Anyone who thoroughly understands these eleven concepts is a signal processing wizard.

Hello Dr Ruiz,

In yesterday's lecture 11, towards the end, we went from the simple 2 loop 4 node resistor circuit to what System Modeler did with it, which was very complex. You went by that really fast. We should dwell on that. What all can you do with that model? That seemed to put a finger on the strength of System Modeler. In particular the associated thermal modeling.

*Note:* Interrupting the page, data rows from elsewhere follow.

lemma finite_free_energy_ge:
  assumes w: "\<forall>n z. -1 \<le> W x n z" and \<beta>: "0 \<le> \<beta>" "\<beta> < 1" and N: "1 \<le> N"
  shows "ln (1 - \<beta>) - ln (2 * real CARD('d)) \<le> finite_free_energy N \<beta> x"
proof -
  define D where "D = 2 * real CARD('d)"
  have D: "0 < D"
    by (simp add: D_def)
  have "real N * (ln (1 - \<beta>) - ln D) = ln ((1 - \<beta>) ^ N / D ^ N)"
    using \<beta> D by (simp add: ln_div ln_realpow algebra_simps)
  also have "\<dots> \<le> ln (polymer_Z N \<beta> (W x))"
  proof (rule ln_mono)
    show "(1 - \<beta>) ^ N / D ^ N \<le> polymer_Z N \<beta> (W x)"
      unfolding D_def using w \<beta> by (intro polymer_Z_ge) auto
    show "0 < (1 - \<beta>) ^ N / D ^ N"
      using \<beta> D by simp
  qed
  finally show ?thesis
    using N by (simp add: finite_free_energy_def D_def field_simps)
qed

lemma finite_free_energy_ratio_ge:
  assumes w: "\<forall>n z. -1 \<le> W x n z" and ab: "0 \<le> a" "a \<le> b" "b < 1" and N: "1 \<le> N"
  shows "ln ((1 - b) / (1 - a)) + finite_free_energy N a x \<le> finite_free_energy N b x"
proof -
  define r where "r = (1 - b) / (1 - a)"
  have r: "0 < r"
    using ab by (simp add: r_def)
  have Z_pos: "0 < polymer_Z N a (W x)"
    using w ab by (intro polymer_Z_pos) auto
  have "real N * ln r + ln (polymer_Z N a (W x)) = ln (r ^ N * polymer_Z N a (W x))"
    using r Z_pos by (simp add: ln_mult ln_realpow)
  also have "\<dots> \<le> ln (polymer_Z N b (W x))"
  proof (rule ln_mono)
    show "r ^ N * polymer_Z N a (W x) \<le> polymer_Z N b (W x)"
      unfolding r_def using w ab by (intro polymer_Z_ratio_le) auto
    show "0 < r ^ N * polymer_Z N a (W x)"
      using r Z_pos by simp
  qed
  finally have "(real N * ln r + ln (polymer_Z N a (W x))) / real N \<le> ln (polymer_Z N b (W x)) / real N"
    by (simp add: divide_right_mono)
  then show ?thesis
    using N by (simp add: finite_free_energy_def r_def add_divide_distrib)
qed

text \<open>Truncation at \<open>K\<close> gives domination, since the free energy is bounded below.\<close>
lemma tendsto_integral_truncated_free_energy:
  assumes \<beta>: "0 \<le> \<beta>" "\<beta> < 1"
    and conv: "AE x in M. (\<lambda>N. finite_free_energy N \<beta> x) \<longlonglongrightarrow> q"
  shows "(\<lambda>N. \<integral>x. min (finite_free_energy N \<beta> x) K \<partial>M) \<longlonglongrightarrow> min q K"
proof -
  interpret prob_space M
    by (rule prob_space_M)
  define m where "m = ln (1 - \<beta>) - ln (2 * real CARD('d))"
  have "(\<lambda>N. \<integral>x. min (finite_free_energy N \<beta> x) K \<partial>M) \<longlonglongrightarrow> (\<integral>x. min q K \<partial>M)"
  proof (rule integral_dominated_convergence[where w = "\<lambda>_. \<bar>m\<bar> + \<bar>K\<bar>"])
    show "AE x in M. (\<lambda>N. min (finite_free_energy N \<beta> x) K) \<longlonglongrightarrow> min q K"
      using conv by eventually_elim (intro tendsto_min tendsto_const)
    show "AE x in M. norm (min (finite_free_energy N \<beta> x) K) \<le> \<bar>m\<bar> + \<bar>K\<bar>" for N
      using AE_environment_ge
    proof eventually_elim
      case (elim x)
      show ?case
      proof (cases "N = 0")
        case False
        then have "m \<le> finite_free_energy N \<beta> x"
          unfolding m_def using finite_free_energy_ge[OF elim \<beta>] by simp
        then show ?thesis
          by (simp add: abs_if min_def)
      qed (simp add: finite_free_energy_def)
    qed
  qed simp_all
  then show ?thesis
    by (simp add: prob_space)
qed

lemma integrable_finite_free_energy:
  assumes "1 \<le> N" "0 \<le> \<beta>" "\<beta> < 1"
  shows "integrable M (finite_free_energy N \<beta>)"
  unfolding finite_free_energy_def[abs_def] using integrable_ln_polymer_Z[OF assms] by simp

lemma integral_finite_free_energy_le_truncated:
  assumes N: "1 \<le> N" and \<beta>: "0 \<le> \<beta>" "\<beta> < 1" and K: "0 \<le> K"
  shows "(\<integral>x. finite_free_energy N \<beta> x \<partial>M) \<le>
    (\<integral>x. min (finite_free_energy N \<beta> x) K \<partial>M) + exp (- K)"
proof -
  interpret prob_space M
    by (rule prob_space_M)
  let ?F = "finite_free_energy N \<beta>"
  have integrable_F: "integrable M ?F"
    using N \<beta> by (rule integrable_finite_free_energy)
  have "(\<integral>x. ?F x \<partial>M) \<le>
      (\<integral>x. min (?F x) K + exp (- (real N * K)) * polymer_Z N \<beta> (W x) \<partial>M)"
  proof (rule integral_mono_AE)
    show "integrable M (\<lambda>x. min (?F x) K + exp (- (real N * K)) * polymer_Z N \<beta> (W x))"
      using integrable_F integrable_polymer_Z[OF N] by auto
    show "AE x in M. ?F x \<le> min (?F x) K + exp (- (real N * K)) * polymer_Z N \<beta> (W x)"
      using AE_environment_ge
    proof eventually_elim
      case (elim x)
      then have "0 < polymer_Z N \<beta> (W x)"
        using \<beta> by (intro polymer_Z_pos) auto
      then show ?case
        unfolding finite_free_energy_def using N K by (rule ln_div_le_min_plus_exp)
    qed
  qed (rule integrable_F)
  also have "\<dots> = (\<integral>x. min (?F x) K \<partial>M) + exp (- (real N * K)) * (\<integral>x. polymer_Z N \<beta> (W x) \<partial>M)"
    using integrable_F integrable_polymer_Z[OF N] by simp
  also have "exp (- (real N * K)) * (\<integral>x. polymer_Z N \<beta> (W x) \<partial>M) \<le> exp (- (real N * K))"
    using integral_polymer_Z_le_1[OF N, of \<beta>] by (simp add: mult_left_le)
  also have "\<dots> \<le> exp (- K)"
    using N K by (simp add: mult_le_cancel_right1)
  finally show ?thesis
    by simp
qed

lemma integral_truncated_free_energy_antimono:
  assumes N: "1 \<le> N" and ab: "0 \<le> a" "a \<le> b" "b < 1" and K: "0 \<le> K"
  shows "(\<integral>x. min (finite_free_energy N b x) K \<partial>M) \<le>
    (\<integral>x. min (finite_free_energy N a x) K \<partial>M) + exp (- K)"
proof -
  interpret prob_space M
    by (rule prob_space_M)
  have "(\<integral>x. min (finite_free_energy N b x) K \<partial>M) \<le> (\<integral>x. finite_free_energy N b x \<partial>M)"
    using integrable_finite_free_energy[OF N, of b] ab by (intro integral_mono) auto
  also have "\<dots> \<le> (\<integral>x. finite_free_energy N a x \<partial>M)"
    unfolding finite_free_energy_def using integral_ln_polymer_Z_antimono[OF N ab]
    by (simp add: divide_right_mono)
  also have "\<dots> \<le> (\<integral>x. min (finite_free_energy N a x) K \<partial>M) + exp (- K)"
    using N ab K by (intro integral_finite_free_energy_le_truncated) auto
  finally show ?thesis .
qed

lemma free_energy_limit_antimono:
  assumes ab: "0 \<le> a" "a \<le> b" "b < 1"
    and conv_a: "AE x in M. (\<lambda>N. finite_free_energy N a x) \<longlonglongrightarrow> p_a"
    and conv_b: "AE x in M. (\<lambda>N. finite_free_energy N b x) \<longlonglongrightarrow> p_b"
  shows "p_b \<le> p_a"
proof -
  have "p_b \<le> p_a + exp (- K)" if K: "max (max p_a p_b) 0 \<le> K" for K
  proof -
    have "min p_b K \<le> min p_a K + exp (- K)"
    proof (rule LIMSEQ_le)
      show "(\<lambda>N. \<integral>x. min (finite_free_energy N b x) K \<partial>M) \<longlonglongrightarrow> min p_b K"
        using ab conv_b by (intro tendsto_integral_truncated_free_energy) auto
      show "(\<lambda>N. (\<integral>x. min (finite_free_energy N a x) K \<partial>M) + exp (- K)) \<longlonglongrightarrow> min p_a K + exp (- K)"
        using ab conv_a by (intro tendsto_add tendsto_const tendsto_integral_truncated_free_energy) auto
      show "\<exists>N0. \<forall>N\<ge>N0. (\<integral>x. min (finite_free_energy N b x) K \<partial>M) \<le>
          (\<integral>x. min (finite_free_energy N a x) K \<partial>M) + exp (- K)"
        using ab K by (intro exI[of _ 1] allI impI integral_truncated_free_energy_antimono) auto
    qed
    with K show ?thesis
      by simp
  qed
  note truncated = this
  show ?thesis
  proof (rule field_le_epsilon)
    fix e :: real assume e: "0 < e"
    define K where "K = max (max (max p_a p_b) 0) (- ln e)"
    have "exp (- K) \<le> exp (ln e)"
      unfolding exp_le_cancel_iff by (simp add: K_def)
    with e truncated[of K] show "p_b \<le> p_a + e"
      by (simp add: K_def)
  qed
qed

Can you model resistors whose values change with temperature? Can you model thermal runaway? Can you show the effect of putting a fan on the circuit, or a thermal fin, to prevent thermal runaway? A simple circuit like that seems to be a perfect pedagogical tool for looking at complex issues like that. I've seen circuits fail because even though that had low dissipation, there was no way for the heat to get out. A beginner's mistake, but one that is easy to make because thermal analysis is not traditionally included in circuit analysis.